On her perch one foot off the ground, Fungula avoids stepping in feces on the sidewalk and drives at her own pace. “I’m in my little world,” she says. 

She tries to keep her daughter in that world too, at times uneasy about raising her in the Tenderloin. 

Fungula, who was born in Congo and raised in Oakland, has been on her own since she was 17. She struggled with homelessness and health issues, and tries to shield her daughter from what she can, though it isn’t always easy. 

She’s seen a daytime shooting in her neighborhood; just a few days ago, she had to administer naloxone to a person she found overdosing on the street. Her daughter was there to watch her check the man’s pulse. 

“She don’t know, she’s just a kid,” says Fungula, who knows the Tenderloin well enough to carry naloxone. “She think everything is a game.” 

Fungula laughs, then suddenly turns somber. She encourages Simba to do well in school, and “stay away from negativity. It’s a lot of negativity out here, a lot.” 

The pair are close, and Fungula plans to keep it that way. She lost her other eight children to the system while she was living on the streets and between friends’ homes, and struggling to care for them. She remembers getting kicked out of shelters early in the morning, and getting shuffled out of Muni. 

“If you’re homeless and you’re Black, they take your kids from you,” Fungula said, adding that she also was suffering from mental health issues at the time. “It was horrible.” 

When her daughter Simba was born nine years ago, Fungula was having seizures, and the newborn was taken away, too. 

Luckily, she said, she got a placement at Ashbury House, a social rehabilitation treatment program for mothers with mental health needs. After a year, she got her daughter back full-time, and moved into a low-income housing building in the Tenderloin.

The two care for each other: Just last weekend, Simba noticed her mother go quiet in the bathroom, realized she was having a seizure, and called paramedics for help. 

A person in a black beanie and jacket smiles while holding a small black and tan puppy outdoors in an urban setting.
Photo by Eleni Balakrishnan.

“I love my baby. I’d give my baby the world,” Fungula says. These days, she has two more babies to care for: Puppies Max and Pencil. This afternoon, Max is peeking out of a kangaroo pouch on the front of Fungula’s jacket. 

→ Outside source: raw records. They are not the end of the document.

lemma q_inv:
  assumes g: "g \<in> carrier G"
  shows "q (inv g) = - q g"
proof -
  have "real n * \<bar>q g + q (inv g)\<bar> \<le> D" for n :: nat
  proof -
    have "g [^] n \<otimes> inv g [^] n = \<one>"
      using g by (simp add: nat_pow_inv)
    then have "\<bar>- (real n * q g) - real n * q (inv g)\<bar> \<le> D"
      using defect[of "g [^] n" "inv g [^] n"] g q_one by (simp add: q_pow)
    moreover have "- (real n * q g) - real n * q (inv g) = - (real n * (q g + q (inv g)))"
      by (simp add: algebra_simps)
    ultimately show ?thesis
      by (simp add: abs_mult)
  qed
  then have "q g + q (inv g) = 0"
    by (intro eq_0_if_mult_bounded)
  then show ?thesis
    by linarith
qed

lemma conj_pow:
  assumes "z \<in> carrier G" "w \<in> carrier G"
  shows "(inv z \<otimes> w \<otimes> z) [^] (n::nat) = inv z \<otimes> w [^] n \<otimes> z"
proof (induction n)
  case (Suc n)
  have "(inv z \<otimes> w \<otimes> z) [^] Suc n = (inv z \<otimes> w [^] n \<otimes> z) \<otimes> (inv z \<otimes> w \<otimes> z)"
    using Suc by simp
  also have "\<dots> = inv z \<otimes> w [^] Suc n \<otimes> z"
    using assms by (simp add: m_assoc m_inv_cancel_left)
  finally show ?case .
qed (use assms in simp)

lemma q_conj:
  assumes z: "z \<in> carrier G" and w: "w \<in> carrier G"
  shows "q (inv z \<otimes> w \<otimes> z) = q w"
proof -
  have "real n * \<bar>q (inv z \<otimes> w \<otimes> z) - q w\<bar> \<le> 2 * D" for n :: nat
  proof -
    have "\<bar>q (inv z \<otimes> w [^] n \<otimes> z) - q (inv z \<otimes> w [^] n) - q z\<bar> \<le> D"
      and "\<bar>q (inv z \<otimes> w [^] n) - q (inv z) - q (w [^] n)\<bar> \<le> D"
      using z w by (simp_all add: defect)
    moreover have "q (inv z \<otimes> w [^] n \<otimes> z) = real n * q (inv z \<otimes> w \<otimes> z)"
      using conj_pow[OF z w, of n, symmetric] z w by (simp add: q_pow)
    ultimately have "\<bar>real n * q (inv z \<otimes> w \<otimes> z) - real n * q w\<bar> \<le> 2 * D"
      using q_pow[OF w] q_inv[OF z] by (smt (verit))
    then show ?thesis
      by (simp add: abs_mult flip: right_diff_distrib)
  qed
  then have "q (inv z \<otimes> w \<otimes> z) - q w = 0"
    by (intro eq_0_if_mult_bounded)
  then show ?thesis
    by simp
qed

lemma q_inv_mult_swap:
  "a \<in> carrier G \<Longrightarrow> b \<in> carrier G \<Longrightarrow> q (inv b \<otimes> a) = - q (inv a \<otimes> b)"
  using q_inv[of "inv a \<otimes> b"] by (simp add: inv_mult_group)

lemma exists_q_gt:
  assumes h: "h \<in> carrier G" and "q h \<noteq> 0"
  obtains z where "z \<in> carrier G" and "C < q z"
proof -
  define h' where "h' = (if 0 < q h then h else inv h)"
  have h': "h' \<in> carrier G" "0 < q h'"
    using h assms(2) q_inv[OF h] unfolding h'_def by auto
  obtain n :: nat where "C < real n * q h'"
    using ex_less_of_nat_mult[OF h'(2)] by blast
  then show ?thesis
    using that[of "h' [^] n"] h' q_pow by simp
qed

definition qm_le :: "'a \<Rightarrow> 'a \<Rightarrow> bool" where
  "qm_le x y \<longleftrightarrow> x = y \<or> D < q (inv x \<otimes> y)"

lemma poset_on_qm_le: "poset_on (carrier G) qm_le"
  unfolding poset_on_def
proof (intro conjI ballI impI)
  fix a b assume ab: "a \<in> carrier G" "b \<in> carrier G" and "qm_le a b \<and> qm_le b a"
  then show "a = b"
    using q_inv_mult_swap[OF ab] defect_nonneg unfolding qm_le_def by force
next
  fix a b c assume abc: "a \<in> carrier G" "b \<in> carrier G" "c \<in> carrier G"
    and le: "qm_le a b \<and> qm_le b c"
  show "qm_le a c"
  proof (cases "a = b \<or> b = c")
    case False
    then have "D < q (inv a \<otimes> b)" "D < q (inv b \<otimes> c)"
      using le unfolding qm_le_def by auto
    moreover have "inv a \<otimes> c = (inv a \<otimes> b) \<otimes> (inv b \<otimes> c)"
      using abc by (simp add: m_assoc m_inv_cancel_left)
    ultimately show ?thesis
      using q_mult_ge[of "inv a \<otimes> b" "inv b \<otimes> c"] abc defect_nonneg unfolding qm_le_def by simp
  qed (use le in auto)
qed (simp add: qm_le_def)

When Max starts squealing, Fungula squawks back at him, then acquiesces and begins feeding him another peanut butter and jelly sandwich that she pulls from her bag.  

“You sound like a monkey!” she tells the puppy sternly, bouncing him in her lap. 

Though she and her car get plenty of attention on the streets, with people greeting her or stopping her for photos, Fungula says she feels safest at home with her daughter: Simba playing Roblox, Fungula watching “COPS.”

“I just pray to God,” Fungula says. “I stay to myself, take her to school, go home, and that’s it. I don’t bother nobody.”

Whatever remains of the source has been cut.